Each record is to be given again without alteration.

Records:

*** Block opens ***

lemma Ind_subset_Theta_image:
  fixes chi chi' :: "'g \<Rightarrow> complex"
  assumes chi'_Gamma: "\<forall>\<gamma>\<in>\<Gamma>. chi' \<gamma> = 1" and chi'_N: "\<forall>n\<in>N. chi' n = chi n"
  shows "Ind (set_plus_grp \<Gamma> N) chi' \<subseteq> Theta N \<Gamma> ` Ind N chi"
proof
  fix f assume f: "f \<in> Ind (set_plus_grp \<Gamma> N) chi'"
  then obtain C1 where C1: "compact C1" "{x. f x \<noteq> 0} \<subseteq> set_plus_grp (set_plus_grp \<Gamma> N) C1"
    by (rule Ind_compact_supportE)
  obtain K :: "'g set" where K: "is_subgroup K" "compact K" "open K"
    using l_group_compact_open_subgroup[OF l_group] by blast
  define D where "D = set_plus_grp C1 K"
  have D: "compact D" "C1 \<subseteq> D" "\<And>d k. d \<in> D \<Longrightarrow> k \<in> K \<Longrightarrow> d + k \<in> D"
    unfolding D_def using compact_set_plus_grp[OF C1(1) K(2)] set_plus_grp_subgroup_right[OF K(1)]
    by blast+
  let ?\<psi> = "\<lambda>x. if x \<in> set_plus_grp N D then 1 else 0 :: complex"
  have supp_f: "{x. f x \<noteq> 0} \<subseteq> set_plus_grp (set_plus_grp \<Gamma> N) D"
    using C1(2) set_plus_grp_mono[OF D(2)] by (rule subset_trans)
  have \<psi>: "?\<psi> \<in> Ind N (\<lambda>_. 1)"
    using K(1,3) D(1,3) by (rule indicator_in_Ind)
  have nonzero: "\<forall>c\<in>D. Theta N \<Gamma> ?\<psi> c \<noteq> 0"
    using Theta_indicator_nonzero[OF D(1)] by blast
  define \<phi> where "\<phi> = (\<lambda>x. f x * ?\<psi> x / Theta N \<Gamma> ?\<psi> x)"
  have "\<phi> \<in> Ind N chi" "Theta N \<Gamma> \<phi> = f"
    unfolding \<phi>_def using quotient_by_Theta_in_Ind[OF chi'_Gamma chi'_N f \<psi>]
      Theta_quotient_by_Theta[OF chi'_Gamma chi'_N f \<psi> supp_f nonzero] by simp_all
  then show "f \<in> Theta N \<Gamma> ` Ind N chi"
    by blast
qed

end

theorem lemma4p22:
  fixes N \<Gamma> :: "'g::topological_group_add set"
    and chi chi' :: "'g \<Rightarrow> complex"
  assumes "l_group TYPE('g)"
    and "closed N" and "is_normal_subgroup N"
    and "character N chi"
    and "is_subgroup \<Gamma>" and "discrete \<Gamma>"
    and "\<forall>x\<in>\<Gamma> \<inter> N. chi x = 1"
    and "discrete_image_mod N \<Gamma>"
    and "\<forall>\<gamma>\<in>\<Gamma>. \<forall>n\<in>N. chi (\<gamma> + n - \<gamma>) = chi n"
    and "character (set_plus_grp \<Gamma> N) chi'"
    and "\<forall>\<gamma>\<in>\<Gamma>. chi' \<gamma> = 1"
    and "\<forall>n\<in>N. chi' n = chi n"
  shows "Theta N \<Gamma> ` Ind N chi = Ind (set_plus_grp \<Gamma> N) chi'"
proof -
  interpret discrete_mod_normal N \<Gamma>
    using assms(1,3,5,8) by (rule discrete_mod_normal.intro)
  have chi'_mult: "\<forall>x\<in>set_plus_grp \<Gamma> N. \<forall>y\<in>set_plus_grp \<Gamma> N. chi' (x + y) = chi' x * chi' y"
    using assms(10) unfolding character_def by blast
  show ?thesis
  proof
    show "Theta N \<Gamma> ` Ind N chi \<subseteq> Ind (set_plus_grp \<Gamma> N) chi'"
      using Theta_in_Ind[OF assms(7,9) chi'_mult assms(11,12)] by blast
    show "Ind (set_plus_grp \<Gamma> N) chi' \<subseteq> Theta N \<Gamma> ` Ind N chi"
      using assms(11,12) by (rule Ind_subset_Theta_image)
  qed
qed

end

*** Block closes ***

Solution for this task:
lemma Ind_subset_Theta_image:
  fixes chi chi' :: "'g \<Rightarrow> complex"
  assumes chi'_Gamma: "\<forall>\<gamma>\<in>\<Gamma>. chi' \<gamma> = 1" and chi'_N: "\<forall>n\<in>N. chi' n = chi n"
  shows "Ind (set_plus_grp \<Gamma> N) chi' \<subseteq> Theta N \<Gamma> ` Ind N chi"
proof
  fix f assume f: "f \<in> Ind (set_plus_grp \<Gamma> N) chi'"
  then obtain C1 where C1: "compact C1" "{x. f x \<noteq> 0} \<subseteq> set_plus_grp (set_plus_grp \<Gamma> N) C1"
    by (rule Ind_compact_supportE)
  obtain K :: "'g set" where K: "is_subgroup K" "compact K" "open K"
    using l_group_compact_open_subgroup[OF l_group] by blast
  define D where "D = set_plus_grp C1 K"
  have D: "compact D" "C1 \<subseteq> D" "\<And>d k. d \<in> D \<Longrightarrow> k \<in> K \<Longrightarrow> d + k \<in> D"
    unfolding D_def using compact_set_plus_grp[OF C1(1) K(2)] set_plus_grp_subgroup_right[OF K(1)]
    by blast+
  let ?\<psi> = "\<lambda>x. if x \<in> set_plus_grp N D then 1 else 0 :: complex"
  have supp_f: "{x. f x \<noteq> 0} \<subseteq> set_plus_grp (set_plus_grp \<Gamma> N) D"
    using C1(2) set_plus_grp_mono[OF D(2)] by (rule subset_trans)
  have \<psi>: "?\<psi> \<in> Ind N (\<lambda>_. 1)"
    using K(1,3) D(1,3) by (rule indicator_in_Ind)
  have nonzero: "\<forall>c\<in>D. Theta N \<Gamma> ?\<psi> c \<noteq> 0"
    using Theta_indicator_nonzero[OF D(1)] by blast
  define \<phi> where "\<phi> = (\<lambda>x. f x * ?\<psi> x / Theta N \<Gamma> ?\<psi> x)"
  have "\<phi> \<in> Ind N chi" "Theta N \<Gamma> \<phi> = f"
    unfolding \<phi>_def using quotient_by_Theta_in_Ind[OF chi'_Gamma chi'_N f \<psi>]
      Theta_quotient_by_Theta[OF chi'_Gamma chi'_N f \<psi> supp_f nonzero] by simp_all
  then show "f \<in> Theta N \<Gamma> ` Ind N chi"
    by blast
qed

end

theorem lemma4p22:
  fixes N \<Gamma> :: "'g::topological_group_add set"
    and chi chi' :: "'g \<Rightarrow> complex"
  assumes "l_group TYPE('g)"
    and "closed N" and "is_normal_subgroup N"
    and "character N chi"
    and "is_subgroup \<Gamma>" and "discrete \<Gamma>"
    and "\<forall>x\<in>\<Gamma> \<inter> N. chi x = 1"
    and "discrete_image_mod N \<Gamma>"
    and "\<forall>\<gamma>\<in>\<Gamma>. \<forall>n\<in>N. chi (\<gamma> + n - \<gamma>) = chi n"
    and "character (set_plus_grp \<Gamma> N) chi'"
    and "\<forall>\<gamma>\<in>\<Gamma>. chi' \<gamma> = 1"
    and "\<forall>n\<in>N. chi' n = chi n"
  shows "Theta N \<Gamma> ` Ind N chi = Ind (set_plus_grp \<Gamma> N) chi'"
proof -
  interpret discrete_mod_normal N \<Gamma>
    using assms(1,3,5,8) by (rule discrete_mod_normal.intro)
  have chi'_mult: "\<forall>x\<in>set_plus_grp \<Gamma> N. \<forall>y\<in>set_plus_grp \<Gamma> N. chi' (x + y) = chi' x * chi' y"
    using assms(10) unfolding character_def by blast
  show ?thesis
  proof
    show "Theta N \<Gamma> ` Ind N chi \<subseteq> Ind (set_plus_grp \<Gamma> N) chi'"
      using Theta_in_Ind[OF assms(7,9) chi'_mult assms(11,12)] by blast
    show "Ind (set_plus_grp \<Gamma> N) chi' \<subseteq> Theta N \<Gamma> ` Ind N chi"
      using assms(11,12) by (rule Ind_subset_Theta_image)
  qed
qed

end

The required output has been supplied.